(Stored data)
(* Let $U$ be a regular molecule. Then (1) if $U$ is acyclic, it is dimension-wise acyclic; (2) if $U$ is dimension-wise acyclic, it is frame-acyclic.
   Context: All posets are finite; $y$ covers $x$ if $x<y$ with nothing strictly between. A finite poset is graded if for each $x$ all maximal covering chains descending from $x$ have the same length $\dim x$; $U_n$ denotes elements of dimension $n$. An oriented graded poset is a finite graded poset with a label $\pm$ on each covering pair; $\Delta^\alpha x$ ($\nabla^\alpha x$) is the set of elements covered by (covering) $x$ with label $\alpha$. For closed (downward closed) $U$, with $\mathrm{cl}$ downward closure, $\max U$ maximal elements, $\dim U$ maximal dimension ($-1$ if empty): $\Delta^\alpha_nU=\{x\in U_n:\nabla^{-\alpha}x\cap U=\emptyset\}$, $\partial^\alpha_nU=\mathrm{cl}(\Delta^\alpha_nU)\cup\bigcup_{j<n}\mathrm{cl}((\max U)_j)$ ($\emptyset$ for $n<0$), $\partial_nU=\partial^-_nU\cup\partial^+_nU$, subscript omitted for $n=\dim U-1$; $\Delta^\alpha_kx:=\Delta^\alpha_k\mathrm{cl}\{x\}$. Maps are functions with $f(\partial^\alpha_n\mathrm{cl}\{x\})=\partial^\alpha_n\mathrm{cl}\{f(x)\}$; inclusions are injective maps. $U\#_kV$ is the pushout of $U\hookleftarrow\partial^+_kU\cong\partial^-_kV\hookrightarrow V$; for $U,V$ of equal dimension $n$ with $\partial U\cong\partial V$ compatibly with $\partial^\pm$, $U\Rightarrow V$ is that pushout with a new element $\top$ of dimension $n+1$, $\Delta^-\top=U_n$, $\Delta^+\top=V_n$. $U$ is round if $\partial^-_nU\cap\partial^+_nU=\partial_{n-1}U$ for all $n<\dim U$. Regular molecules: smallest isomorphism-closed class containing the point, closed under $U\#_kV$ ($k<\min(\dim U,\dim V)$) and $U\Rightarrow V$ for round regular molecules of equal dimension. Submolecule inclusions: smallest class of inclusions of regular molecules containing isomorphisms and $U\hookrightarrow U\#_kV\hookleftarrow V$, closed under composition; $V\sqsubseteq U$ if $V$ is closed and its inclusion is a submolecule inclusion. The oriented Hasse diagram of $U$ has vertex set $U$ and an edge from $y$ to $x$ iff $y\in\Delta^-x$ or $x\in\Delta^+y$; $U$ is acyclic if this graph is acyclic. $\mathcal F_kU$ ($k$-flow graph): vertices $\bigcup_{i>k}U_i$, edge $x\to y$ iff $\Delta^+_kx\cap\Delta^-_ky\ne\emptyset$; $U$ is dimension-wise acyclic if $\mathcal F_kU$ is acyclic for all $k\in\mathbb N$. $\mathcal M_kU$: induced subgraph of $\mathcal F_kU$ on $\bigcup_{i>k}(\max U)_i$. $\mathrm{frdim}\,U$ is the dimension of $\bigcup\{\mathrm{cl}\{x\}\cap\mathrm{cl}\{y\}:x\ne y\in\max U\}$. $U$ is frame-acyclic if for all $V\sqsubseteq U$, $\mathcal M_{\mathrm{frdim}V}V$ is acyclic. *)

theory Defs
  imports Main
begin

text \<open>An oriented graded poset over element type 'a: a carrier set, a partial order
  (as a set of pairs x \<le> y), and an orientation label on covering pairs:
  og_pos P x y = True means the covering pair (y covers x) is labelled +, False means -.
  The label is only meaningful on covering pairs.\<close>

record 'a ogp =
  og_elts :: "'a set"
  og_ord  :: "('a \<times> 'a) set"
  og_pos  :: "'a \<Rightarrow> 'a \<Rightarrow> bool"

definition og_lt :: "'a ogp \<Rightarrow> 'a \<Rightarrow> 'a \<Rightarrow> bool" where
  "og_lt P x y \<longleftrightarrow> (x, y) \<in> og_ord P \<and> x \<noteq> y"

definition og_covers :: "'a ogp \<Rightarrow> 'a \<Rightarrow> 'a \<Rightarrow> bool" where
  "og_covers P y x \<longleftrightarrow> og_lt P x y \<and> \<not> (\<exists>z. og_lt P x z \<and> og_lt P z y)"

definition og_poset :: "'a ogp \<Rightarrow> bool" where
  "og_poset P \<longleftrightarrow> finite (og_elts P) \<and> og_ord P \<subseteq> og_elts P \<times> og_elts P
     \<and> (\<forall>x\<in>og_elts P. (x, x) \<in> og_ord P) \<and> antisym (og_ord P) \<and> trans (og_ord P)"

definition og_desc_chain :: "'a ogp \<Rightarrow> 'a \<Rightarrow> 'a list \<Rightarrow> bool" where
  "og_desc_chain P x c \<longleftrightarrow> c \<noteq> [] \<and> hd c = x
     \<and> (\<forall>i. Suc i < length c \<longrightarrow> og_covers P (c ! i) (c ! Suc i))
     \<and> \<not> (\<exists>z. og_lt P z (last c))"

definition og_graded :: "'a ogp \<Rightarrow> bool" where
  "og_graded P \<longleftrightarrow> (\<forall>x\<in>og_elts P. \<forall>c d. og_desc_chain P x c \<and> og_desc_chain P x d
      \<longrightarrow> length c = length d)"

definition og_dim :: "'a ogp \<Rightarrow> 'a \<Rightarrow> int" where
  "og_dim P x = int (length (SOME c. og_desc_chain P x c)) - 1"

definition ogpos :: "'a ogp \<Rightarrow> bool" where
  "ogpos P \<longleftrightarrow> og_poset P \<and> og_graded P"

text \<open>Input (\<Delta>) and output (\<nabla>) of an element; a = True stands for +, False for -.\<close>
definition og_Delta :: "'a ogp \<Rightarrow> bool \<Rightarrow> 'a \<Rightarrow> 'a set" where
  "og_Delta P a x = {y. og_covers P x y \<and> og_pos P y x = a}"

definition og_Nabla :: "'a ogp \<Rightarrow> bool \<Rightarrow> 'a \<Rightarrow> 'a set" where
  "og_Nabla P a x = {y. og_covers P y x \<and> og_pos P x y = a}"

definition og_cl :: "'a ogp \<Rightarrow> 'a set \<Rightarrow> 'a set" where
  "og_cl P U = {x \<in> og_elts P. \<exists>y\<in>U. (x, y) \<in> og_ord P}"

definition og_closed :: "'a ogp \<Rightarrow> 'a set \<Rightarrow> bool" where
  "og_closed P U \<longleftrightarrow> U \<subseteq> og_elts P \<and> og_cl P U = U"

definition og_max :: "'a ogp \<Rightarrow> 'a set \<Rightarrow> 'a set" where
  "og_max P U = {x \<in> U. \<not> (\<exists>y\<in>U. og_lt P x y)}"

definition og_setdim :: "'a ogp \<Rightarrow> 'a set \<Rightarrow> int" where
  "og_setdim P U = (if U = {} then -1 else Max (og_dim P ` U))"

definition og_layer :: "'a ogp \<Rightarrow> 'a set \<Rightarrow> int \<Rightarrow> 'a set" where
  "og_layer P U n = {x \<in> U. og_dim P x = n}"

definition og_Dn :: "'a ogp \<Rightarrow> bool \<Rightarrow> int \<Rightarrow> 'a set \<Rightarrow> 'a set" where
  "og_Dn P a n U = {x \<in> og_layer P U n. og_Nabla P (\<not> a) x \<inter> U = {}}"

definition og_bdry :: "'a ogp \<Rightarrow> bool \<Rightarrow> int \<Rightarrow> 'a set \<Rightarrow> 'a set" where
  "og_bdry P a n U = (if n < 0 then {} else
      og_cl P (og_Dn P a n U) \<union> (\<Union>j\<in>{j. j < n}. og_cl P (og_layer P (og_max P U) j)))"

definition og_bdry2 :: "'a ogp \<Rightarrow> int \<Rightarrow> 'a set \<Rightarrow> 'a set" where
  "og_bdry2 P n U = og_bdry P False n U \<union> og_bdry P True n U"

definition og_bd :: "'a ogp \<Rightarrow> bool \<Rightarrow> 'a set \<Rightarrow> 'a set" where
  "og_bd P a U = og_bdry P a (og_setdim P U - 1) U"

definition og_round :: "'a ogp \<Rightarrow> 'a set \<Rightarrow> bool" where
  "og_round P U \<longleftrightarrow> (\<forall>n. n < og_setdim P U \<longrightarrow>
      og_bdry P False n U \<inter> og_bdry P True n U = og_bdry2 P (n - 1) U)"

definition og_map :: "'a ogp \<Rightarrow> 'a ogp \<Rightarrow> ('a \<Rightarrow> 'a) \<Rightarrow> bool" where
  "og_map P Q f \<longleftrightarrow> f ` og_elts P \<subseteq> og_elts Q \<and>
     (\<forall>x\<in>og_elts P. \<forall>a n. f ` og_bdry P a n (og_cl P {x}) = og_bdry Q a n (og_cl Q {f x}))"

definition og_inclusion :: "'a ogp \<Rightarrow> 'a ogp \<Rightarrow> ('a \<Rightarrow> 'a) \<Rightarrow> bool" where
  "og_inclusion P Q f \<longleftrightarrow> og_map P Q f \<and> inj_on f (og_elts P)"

(WORK TO COMPLETE) Pick out and copy the lines of the entries that hold the string "noteq".

(RESPONSE AREA)
  "og_lt P x y \<longleftrightarrow> (x, y) \<in> og_ord P \<and> x \<noteq> y"
  "og_desc_chain P x c \<longleftrightarrow> c \<noteq> [] \<and> hd c = x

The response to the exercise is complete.